Toulouse: the dome of La Grave at the peak of heritage
The restored chapel of Saint-Joseph de la Grave is the star of Heritage Days this weekend. The opportunity to discover some of the secrets of this major Toulouse site.
Did you know that the cross which surmounts the dome of La Grave, emblematic site of the Pink City, was published towards Jerusalem? Or that the Saint-Joseph de la Grave chapel, which this dome houses, only hosted its first religious service in 1845, 87 years after the first stone of the building was laid in 1758.
The visit to the chapel of Saint-Joseph de la Grave, restored after two years of work and closed yesterday afternoon, holds many surprises. The building will be today and tomorrow the star of Heritage Days in Toulouse. “Guided tours (free) will be organized every hour,” says David Madec, director of La Grave. During the previous open days, in 2017, when the dome was urgently put out of water, 20,000 visitors crowded into the now deconsecrated former chapel and whose management is sedentary by the CHU, owner, in the City of Toulouse.
The building figures prominently on many postcards. Many Toulouse residents have a family member born in the nearby maternity ward or baptized in the chapel. But much can be learned when visiting this magnificent building of impressive height and proportions.
A visit rich in history, art, architecture and anecdotes
“It is one of the rare religious buildings in Toulouse built on a central plan, with an ambulatory around the choir”, specifies Lydie Lanaspèze, architect of the City of Toulouse, “its restoration involved many trades, roofers, craftsmen, specialists in painted decorations, locksmithing or furniture, under the direction of Pierre-Yves Caillault, chief architect of Historic Monuments, with the scenographer Philippe Maffre”.
An interactive touch table located at the entrance to the choir allows you to learn more about the history of the dome, the long construction of which has seen several successive architects (Nelli, Delor de Masbou, Villeneuve).
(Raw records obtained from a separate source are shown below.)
(* Consider the stochastic bipartite matching model described in the context, under the stability condition, with stationary distribution $\pi$. For $\mathcal{A}\in\mathcal{J}_0$ define $\ell_{\mathcal{I}}(\mathcal{A})=\sum_{(c,d)\in\Pi_{\mathcal{A}}}|c|\,\pi(c,d)$ (so that $\ell_{\mathcal{I}}(\mathcal{A})/\pi(\mathcal{A})$ is the stationary mean number of unmatched customers given that the set of unmatched classes is $\mathcal{A}$), with the convention $\ell_{\mathcal{I}}(\mathcal{A})=0$ if $\mathcal{A}\notin\mathcal{J}_0$. Then the stationary mean number of unmatched customers is $L_{\mathcal{I}}=\sum_{\mathcal{A}\in\mathcal{J}_0}\ell_{\mathcal{I}}(\mathcal{A})$, $\ell_{\mathcal{I}}(\emptyset)=0$, and for each $\mathcal{A}\in\mathcal{J}$, \[ \begin{aligned} \Delta(\mathcal{A})\,\ell_{\mathcal{I}}(\mathcal{A}) ={}& \mu(\mathcal{K}(\mathcal{A}\cap\mathcal{I}))\,\lambda(\mathcal{I}(\mathcal{A}\cap\mathcal{K}))\,\pi(\mathcal{A}) + \mu(\mathcal{A}\cap\mathcal{K})\sum_{i\in\mathcal{A}\cap\mathcal{I}}\lambda_i\,\ell_{\mathcal{I}}(\mathcal{A}\setminus\{i\})\\ &+\lambda(\mathcal{A}\cap\mathcal{I})\sum_{k\in\mathcal{A}\cap\mathcal{K}}\mu_k\,\ell_{\mathcal{I}}(\mathcal{A}\setminus\{k\}) + \sum_{i\in\mathcal{A}\cap\mathcal{I}}\sum_{k\in\mathcal{A}\cap\mathcal{K}}\lambda_i\mu_k\,\ell_{\mathcal{I}}(\mathcal{A}\setminus\{i,k\}). \end{aligned} \]
   Context: Let $\mathcal{I}$ (customer classes) and $\mathcal{K}$ (server classes) be disjoint finite non-empty sets, and consider a connected bipartite graph (the compatibility graph) on $\mathcal{I}\cup\mathcal{K}$ whose edges all join an element of $\mathcal{I}$ to an element of $\mathcal{K}$; write $i\sim k$ if $i\in\mathcal{I}$ and $k\in\mathcal{K}$ are adjacent and $i\nsim k$ otherwise. For $i\in\mathcal{I}$ let $\mathcal{K}_i=\{k\in\mathcal{K}: i\sim k\}$ and for $k\in\mathcal{K}$ let $\mathcal{I}_k=\{i\in\mathcal{I}: i\sim k\}$. Let $\lambda_i>0$ ($i\in\mathcal{I}$) and $\mu_k>0$ ($k\in\mathcal{K}$) with $\sum_i\lambda_i=\sum_k\mu_k=1$. For $\mathcal{A}\subseteq\mathcal{I}$ write $\lambda(\mathcal{A})=\sum_{i\in\mathcal{A}}\lambda_i$ and $\mathcal{K}(\mathcal{A})=\bigcup_{i\in\mathcal{A}}\mathcal{K}_i$; for $\mathcal{A}\subseteq\mathcal{K}$ write $\mu(\mathcal{A})=\sum_{k\in\mathcal{A}}\mu_k$ and $\mathcal{I}(\mathcal{A})=\bigcup_{k\in\mathcal{A}}\mathcal{I}_k$. Model: time is slotted; in each slot exactly one customer and one server arrive, the customer being of class $i$ with probability $\lambda_i$ and the server of class $k$ with probability $\mu_k$, independently within and across slots. Unmatched customers and unmatched servers wait in two queues in arrival order. Upon each arrival (first-come-first-matched policy): (1) the incoming customer is matched with the longest-waiting compatible unmatched server, if any; (2) the incoming server is matched with the longest-waiting compatible unmatched customer, if any; (3) if neither can be matched with a waiting item, they are matched with each other if compatible; (4) any incoming item still unmatched is appended to the back of its queue. Matched items leave immediately. The state is $(c,d)$ with $c=(c_1,\dots,c_n)$ the classes of unmatched customers and $d=(d_1,\dots,d_n)$ the classes of unmatched servers, in arrival order (the two lengths are always equal); the state space is $\Pi=\bigcup_{n\ge0}\{(c,d)\in\mathcal{I}^n\times\mathcal{K}^n: c_p\nsim d_q\ \forall p,q\}$, and $\varnothing$ denotes the empty state. For a sequence $c$, $|c|$ denotes its length. Stability condition (assumed): $\lambda(\mathcal{A})<\mu(\mathcal{K}(\mathcal{A}))$ for every non-empty $\mathcal{A}\subsetneq\mathcal{I}$ (equivalently $\mu(\mathcal{A})<\lambda(\mathcal{I}(\mathcal{A}))$ for every non-empty $\mathcal{A}\subsetneq\mathcal{K}$). Then the Markov chain of states is ergodic with stationary distribution $\pi(c,d)=\pi(\varnothing)\prod_{p=1}^n \frac{\lambda_{c_p}}{\mu(\mathcal{K}(\{c_1,\dots,c_p\}))}\frac{\mu_{d_p}}{\lambda(\mathcal{I}(\{d_1,\dots,d_p\}))}$, $(c,d)\in\Pi$. Let $\mathcal{J}$ be the family of independent sets $\mathcal{A}\subseteq\mathcal{I}\cup\mathcal{K}$ of the compatibility graph such that $\mathcal{A}\cap\mathcal{I}$ and $\mathcal{A}\cap\mathcal{K}$ are both non-empty, and $\mathcal{J}_0=\mathcal{J}\cup\{\emptyset\}$. For $\mathcal{A}\in\mathcal{J}_0$, let $\Pi_{\mathcal{A}}$ be the set of $(c,d)\in\Pi$ with $\{c_1,\dots,c_n\}=\mathcal{A}\cap\mathcal{I}$ and $\{d_1,\dots,d_n\}=\mathcal{A}\cap\mathcal{K}$, and $\pi(\mathcal{A})=\sum_{(c,d)\in\Pi_{\mathcal{A}}}\pi(c,d)$; by convention $\pi(\mathcal{A})=0$ if $\mathcal{A}\notin\mathcal{J}_0$. For $\mathcal{A}\in\mathcal{J}$, $\Delta(\mathcal{A})=\mu(\mathcal{K}(\mathcal{A}\cap\mathcal{I}))\,\lambda(\mathcal{I}(\mathcal{A}\cap\mathcal{K}))-\lambda(\mathcal{A}\cap\mathcal{I})\,\mu(\mathcal{A}\cap\mathcal{K})$. *)

theory Defs
  imports "HOL-Analysis.Analysis"
begin

text \<open>Customer classes I and server classes K are disjoint finite subsets of one
type 'a. The compatibility graph is given by E: E i k means i \<in> I and k \<in> K are adjacent.
lam and mu are the arrival probabilities (only their values on I, resp. K, matter).\<close>

definition Kof :: "('a \<Rightarrow> 'a \<Rightarrow> bool) \<Rightarrow> 'a set \<Rightarrow> 'a set \<Rightarrow> 'a set" where
  "Kof E K A = {k \<in> K. \<exists>i\<in>A. E i k}"

definition Iof :: "('a \<Rightarrow> 'a \<Rightarrow> bool) \<Rightarrow> 'a set \<Rightarrow> 'a set \<Rightarrow> 'a set" where
  "Iof E I B = {i \<in> I. \<exists>k\<in>B. E i k}"

definition states :: "'a set \<Rightarrow> 'a set \<Rightarrow> ('a \<Rightarrow> 'a \<Rightarrow> bool) \<Rightarrow> ('a list \<times> 'a list) set" where
  "states I K E = {(c, d). length c = length d \<and> set c \<subseteq> I \<and> set d \<subseteq> K \<and>
      (\<forall>p\<in>set c. \<forall>q\<in>set d. \<not> E p q)}"

definition pi_un :: "'a set \<Rightarrow> 'a set \<Rightarrow> ('a \<Rightarrow> 'a \<Rightarrow> bool) \<Rightarrow> ('a \<Rightarrow> real) \<Rightarrow> ('a \<Rightarrow> real)
    \<Rightarrow> 'a list \<times> 'a list \<Rightarrow> real" where
  "pi_un I K E lam mu s = (case s of (c, d) \<Rightarrow>
     (\<Prod>p<length c. lam (c ! p) / sum mu (Kof E K (set (take (Suc p) c)))
                  * (mu (d ! p) / sum lam (Iof E I (set (take (Suc p) d))))))"

definition pi_st :: "'a set \<Rightarrow> 'a set \<Rightarrow> ('a \<Rightarrow> 'a \<Rightarrow> bool) \<Rightarrow> ('a \<Rightarrow> real) \<Rightarrow> ('a \<Rightarrow> real)
    \<Rightarrow> 'a list \<times> 'a list \<Rightarrow> real" where
  "pi_st I K E lam mu s =
     pi_un I K E lam mu s / (\<Sum>\<^sub>\<infinity> t\<in>states I K E. pi_un I K E lam mu t)"

definition Jfam :: "'a set \<Rightarrow> 'a set \<Rightarrow> ('a \<Rightarrow> 'a \<Rightarrow> bool) \<Rightarrow> 'a set set" where
  "Jfam I K E = {A. A \<subseteq> I \<union> K \<and> (\<forall>x\<in>A. \<forall>y\<in>A. \<not> E x y)
                   \<and> A \<inter> I \<noteq> {} \<and> A \<inter> K \<noteq> {}}"

definition J0fam :: "'a set \<Rightarrow> 'a set \<Rightarrow> ('a \<Rightarrow> 'a \<Rightarrow> bool) \<Rightarrow> 'a set set" where
  "J0fam I K E = insert {} (Jfam I K E)"

definition states_of :: "'a set \<Rightarrow> 'a set \<Rightarrow> ('a \<Rightarrow> 'a \<Rightarrow> bool) \<Rightarrow> 'a set
    \<Rightarrow> ('a list \<times> 'a list) set" where
  "states_of I K E A = {(c, d) \<in> states I K E. set c = A \<inter> I \<and> set d = A \<inter> K}"

definition pi_set :: "'a set \<Rightarrow> 'a set \<Rightarrow> ('a \<Rightarrow> 'a \<Rightarrow> bool) \<Rightarrow> ('a \<Rightarrow> real) \<Rightarrow> ('a \<Rightarrow> real)
    \<Rightarrow> 'a set \<Rightarrow> real" where
  "pi_set I K E lam mu A = (if A \<in> J0fam I K E
      then (\<Sum>\<^sub>\<infinity> s\<in>states_of I K E A. pi_st I K E lam mu s) else 0)"

definition ell_I :: "'a set \<Rightarrow> 'a set \<Rightarrow> ('a \<Rightarrow> 'a \<Rightarrow> bool) \<Rightarrow> ('a \<Rightarrow> real) \<Rightarrow> ('a \<Rightarrow> real)
    \<Rightarrow> 'a set \<Rightarrow> real" where
  "ell_I I K E lam mu A = (if A \<in> J0fam I K E
      then (\<Sum>\<^sub>\<infinity> s\<in>states_of I K E A. real (length (fst s)) * pi_st I K E lam mu s) else 0)"

definition L_I :: "'a set \<Rightarrow> 'a set \<Rightarrow> ('a \<Rightarrow> 'a \<Rightarrow> bool) \<Rightarrow> ('a \<Rightarrow> real) \<Rightarrow> ('a \<Rightarrow> real) \<Rightarrow> real" where
  "L_I I K E lam mu = (\<Sum>\<^sub>\<infinity> s\<in>states I K E. real (length (fst s)) * pi_st I K E lam mu s)"

definition Delta :: "'a set \<Rightarrow> 'a set \<Rightarrow> ('a \<Rightarrow> 'a \<Rightarrow> bool) \<Rightarrow> ('a \<Rightarrow> real) \<Rightarrow> ('a \<Rightarrow> real)
    \<Rightarrow> 'a set \<Rightarrow> real" where
  "Delta I K E lam mu A =
     sum mu (Kof E K (A \<inter> I)) * sum lam (Iof E I (A \<inter> K)) - sum lam (A \<inter> I) * sum mu (A \<inter> K)"

end

theory Submission
  imports Defs
begin

(* The weight pi factorises into a product over the prefixes of the customer word and one
   over the prefixes of the server word, so the total weight of the states with class set A
   and n unmatched customers is F_n(A \<inter> I) G_n(A \<inter> K), where F_n(B) sums the customer
   prefix products over the words of length n with letter set B.  Removing the last letter
   gives mu(K(B)) F_(n+1)(B) = lam(B) F_n(B) + sum_(i in B) lam_i F_n(B - {i}), and dually for
   G_n.  Multiplying the two recurrences, the slice weights x_n of A satisfy
   D x_(n+1) = rho x_n + R_n with D = mu(K(A \<inter> I)) lam(I(A \<inter> K)), rho = lam(A \<inter> I) mu(A \<inter> K),
   and R_n a combination of slice weights of proper subsets of A.  Stability gives rho < D,
   so by induction on A both x_n and n x_n are summable, and summing (n + 1) times the
   recurrence over n yields
   Delta(A) ell(A) = D pi(A) + R(ell), which is the claimed identity after normalisation. *)

definition lists_with_set :: "nat \<Rightarrow> 'a set \<Rightarrow> 'a list set" where
  "lists_with_set n B = {c. length c = n \<and> set c = B}"

definition prefix_weight :: "('a \<Rightarrow> real) \<Rightarrow> ('a set \<Rightarrow> real) \<Rightarrow> 'a list \<Rightarrow> real" where
  "prefix_weight w h c = (\<Prod>p<length c. w (c ! p) / h (set (take (Suc p) c)))"

definition prefix_weight_sum :: "('a \<Rightarrow> real) \<Rightarrow> ('a set \<Rightarrow> real) \<Rightarrow> nat \<Rightarrow> 'a set \<Rightarrow> real" where
  "prefix_weight_sum w h n B = sum (prefix_weight w h) (lists_with_set n B)"

lemma finite_lists_with_set: "finite B \<Longrightarrow> finite (lists_with_set n B)"
  unfolding lists_with_set_def
  by (rule finite_subset[OF _ finite_lists_length_eq[of B n]]) auto

lemma lists_with_set_0: "lists_with_set 0 B = (if B = {} then {[]} else {})"
  by (auto simp: lists_with_set_def)

lemma lists_with_set_Suc:
  "lists_with_set (Suc n) B =
     (\<lambda>(x, c). c @ [x]) ` (SIGMA x:B. lists_with_set n B \<union> lists_with_set n (B - {x}))"
proof (intro set_eqI iffI)
  fix c assume c: "c \<in> lists_with_set (Suc n) B"
  then obtain c0 x where c0: "c = c0 @ [x]"
    by (cases c rule: rev_cases) (auto simp: lists_with_set_def)
  moreover have "insert x (set c0) = B" "length c0 = n"
    using c c0 by (auto simp: lists_with_set_def)
  then have "x \<in> B" "c0 \<in> lists_with_set n B \<union> lists_with_set n (B - {x})"
    by (auto simp: lists_with_set_def)
  ultimately show "c \<in> (\<lambda>(x, c). c @ [x]) ` (SIGMA x:B. lists_with_set n B \<union> lists_with_set n (B - {x}))"
    by (intro image_eqI[of _ _ "(x, c0)"]) auto
next
  fix c assume "c \<in> (\<lambda>(x, c). c @ [x]) ` (SIGMA x:B. lists_with_set n B \<union> lists_with_set n (B - {x}))"
  then obtain x c0 where "c = c0 @ [x]" "x \<in> B" "c0 \<in> lists_with_set n B \<union> lists_with_set n (B - {x})"
    by auto
  then show "c \<in> lists_with_set (Suc n) B"
    by (auto simp: lists_with_set_def)
qed

lemma prefix_weight_snoc:
  "prefix_weight w h (c @ [x]) = prefix_weight w h c * (w x / h (insert x (set c)))"
proof -
  have "prefix_weight w h (c @ [x]) =
      (\<Prod>p<length c. w ((c @ [x]) ! p) / h (set (take (Suc p) (c @ [x])))) * (w x / h (insert x (set c)))"
    by (simp add: prefix_weight_def nth_append)
  also have "(\<Prod>p<length c. w ((c @ [x]) ! p) / h (set (take (Suc p) (c @ [x])))) = prefix_weight w h c"
    unfolding prefix_weight_def by (rule prod.cong) (auto simp: nth_append)
  finally show ?thesis .
qed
In the ambulatory, short films bring to life some historical figures from the old hospital, which since the Middle Ages welcomed plague victims, then poor people, old people, orphaned children, mental patients and prostitutes in this outlying site on the left bank of Garonne.
“Tablets installed in the confessionals make it possible to go further, thanks to the videos of specialists or witnesses”, comments Marie Bonnabel, curator of the heritage of the City of Toulouse, “the history of this monument is totally linked to that of the Hospice de la Grave, whose birth dates back much further than the dome, to the 12the century “. The sacristy houses magnificent reliquaries and everyday objects, such as a doll or an old satchel.
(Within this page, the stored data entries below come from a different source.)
(* Let $k\ge2$, let $f_1,\ldots,f_k$ be primitive forms of square-free levels with weights $\kappa_1,\ldots,\kappa_k$, and let $\nu_1,\ldots,\nu_k$ be distinct positive integers with $a_{f_i}(\nu_i)\neq0$ for all $i$. Put $K=\max\{\nu_1,\ldots,\nu_k\}$. Then there exists a real number $c_0>0$, depending on $K$ and $f_1,\ldots,f_k$, such that for every positive integer $m$ with $m\equiv0\pmod{(2K)!}$ and every $i=1,\ldots,k$, $$c_0|\lambda_{f_i}(m_i)|\le|\lambda_{f_i}(m+\nu_i)|\le c_0^{-1}|\lambda_{f_i}(m_i)|$$ and $$c_0|\lambda_{f_i}(m_i)|\le\frac{|a_{f_i}(m+\nu_i)|}{m^{(\kappa_i-1)/2}}\le c_0^{-1}|\lambda_{f_i}(m_i)|,$$ where $m_i$ is defined by $m+\nu_i=\nu_im_i$.
   Context: A primitive form of weight $\kappa$ and level $N$ is a holomorphic cusp form of weight $\kappa$ for $\Gamma_0(N)$ with trivial character which is a normalized Hecke eigenform for all Hecke operators and all Atkin–Lehner involutions; $f(z)=\sum_{n\ge1}a_f(n)q^n$ is its Fourier expansion, and $\lambda_f(n)=a_f(n)/n^{(\kappa-1)/2}$. *)

theory Defs
  imports "HOL-Analysis.Analysis" "HOL-Computational_Algebra.Squarefree"
begin

definition upper_half :: "complex set" where
  "upper_half = {z. Im z > 0}"

definition gamma0_invariant :: "nat \<Rightarrow> nat \<Rightarrow> (complex \<Rightarrow> complex) \<Rightarrow> bool" where
  "gamma0_invariant \<kappa> N f \<longleftrightarrow>
     (\<forall>a b c d :: int. a * d - b * c = 1 \<and> int N dvd c \<longrightarrow>
        (\<forall>z\<in>upper_half. f ((of_int a * z + of_int b) / (of_int c * z + of_int d))
                         = (of_int c * z + of_int d) ^ \<kappa> * f z))"

definition vanishes_at_cusps :: "nat \<Rightarrow> (complex \<Rightarrow> complex) \<Rightarrow> bool" where
  "vanishes_at_cusps \<kappa> f \<longleftrightarrow>
     (\<forall>a b c d :: int. a * d - b * c = 1 \<longrightarrow>
        (\<forall>\<epsilon>>0. \<exists>Y. \<forall>z. Im z > Y \<longrightarrow>
           norm (f ((of_int a * z + of_int b) / (of_int c * z + of_int d))
                 / (of_int c * z + of_int d) ^ \<kappa>) < \<epsilon>))"

definition cusp_form :: "nat \<Rightarrow> nat \<Rightarrow> (complex \<Rightarrow> complex) \<Rightarrow> bool" where
  "cusp_form \<kappa> N f \<longleftrightarrow> N > 0 \<and> f holomorphic_on upper_half \<and>
     gamma0_invariant \<kappa> N f \<and> vanishes_at_cusps \<kappa> f"

definition has_q_expansion :: "(complex \<Rightarrow> complex) \<Rightarrow> (nat \<Rightarrow> complex) \<Rightarrow> bool" where
  "has_q_expansion f a \<longleftrightarrow>
     (\<forall>z\<in>upper_half. (\<lambda>n. a n * exp (2 * of_real pi * \<i> * of_nat n * z)) sums f z)"

definition fourier_coeff :: "(complex \<Rightarrow> complex) \<Rightarrow> nat \<Rightarrow> complex" where
  "fourier_coeff f = (THE a. has_q_expansion f a)"

definition hecke_op :: "nat \<Rightarrow> nat \<Rightarrow> nat \<Rightarrow> (complex \<Rightarrow> complex) \<Rightarrow> complex \<Rightarrow> complex" where
  "hecke_op \<kappa> N n f z =
     of_real (real n powr (real \<kappa> - 1)) *
     (\<Sum>d\<in>{d. d dvd n \<and> coprime (n div d) N}.
        \<Sum>b<d. f ((of_nat (n div d) * z + of_nat b) / of_nat d) / of_nat d ^ \<kappa>)"

definition hecke_eigenform :: "nat \<Rightarrow> nat \<Rightarrow> (complex \<Rightarrow> complex) \<Rightarrow> bool" where
  "hecke_eigenform \<kappa> N f \<longleftrightarrow>
     (\<forall>n>0. \<exists>\<mu>::complex. \<forall>z\<in>upper_half. hecke_op \<kappa> N n f z = \<mu> * f z)"

text \<open>Atkin--Lehner involutions W_Q (Q || N), given by integer matrices
  [[Qx, y], [Nz, Qw]] of determinant Q, acting by
  (f|W)(tau) = Q^(kappa/2) (N z tau + Q w)^(-kappa) f((Qx tau + y)/(N z tau + Q w)).\<close>
definition atkin_lehner_eigen :: "nat \<Rightarrow> nat \<Rightarrow> (complex \<Rightarrow> complex) \<Rightarrow> bool" where
  "atkin_lehner_eigen \<kappa> N f \<longleftrightarrow>
     (\<forall>Q::nat. Q dvd N \<and> coprime Q (N div Q) \<longrightarrow>
       (\<forall>x y z w :: int. int Q * x * (int Q * w) - y * (int N * z) = int Q \<longrightarrow>
         (\<exists>\<epsilon>::complex. \<forall>\<tau>\<in>upper_half.
            of_real (real Q powr (real \<kappa> / 2)) *
            f ((of_int (int Q * x) * \<tau> + of_int y) / (of_int (int N * z) * \<tau> + of_int (int Q * w)))
            / (of_int (int N * z) * \<tau> + of_int (int Q * w)) ^ \<kappa>
            = \<epsilon> * f \<tau>)))"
A public garden will be built in 2023-2024 (5 million euros financed by the City) between the dome and rue du Pont-Saint-Pierre, announced Mayor Jean-Luc Moudenc.
Proposed projects Toulouse escaped
Still on the site of La Grave, in the refectory of the hospital with windows overlooking the Bazacle, don’t miss the “Toulouse sur Garonne” exhibition (entry and free guided tours during the Heritage Days on September 17 and 18, exhibition until January 2, 2023) proposed by the town hall of Toulouse, the Maison de l’Architecture and the Municipal Archives. Thanks to striking architectural models and various documents (drawings, interactive website urban-hist.toulouse.fr), we discover several projects, realized or not, imagined for Toulouse, from 1960 to today. And in particular those of the motorways on the banks of the Garonne, the underground car park of La Daurade or the aerial car park with six levels in the Paul-Feuga alleys, fortunately we escaped. The exhibition does not evoke the future and for example the City of Arts that the City plans to develop in the classified part of the hospital of La Grave.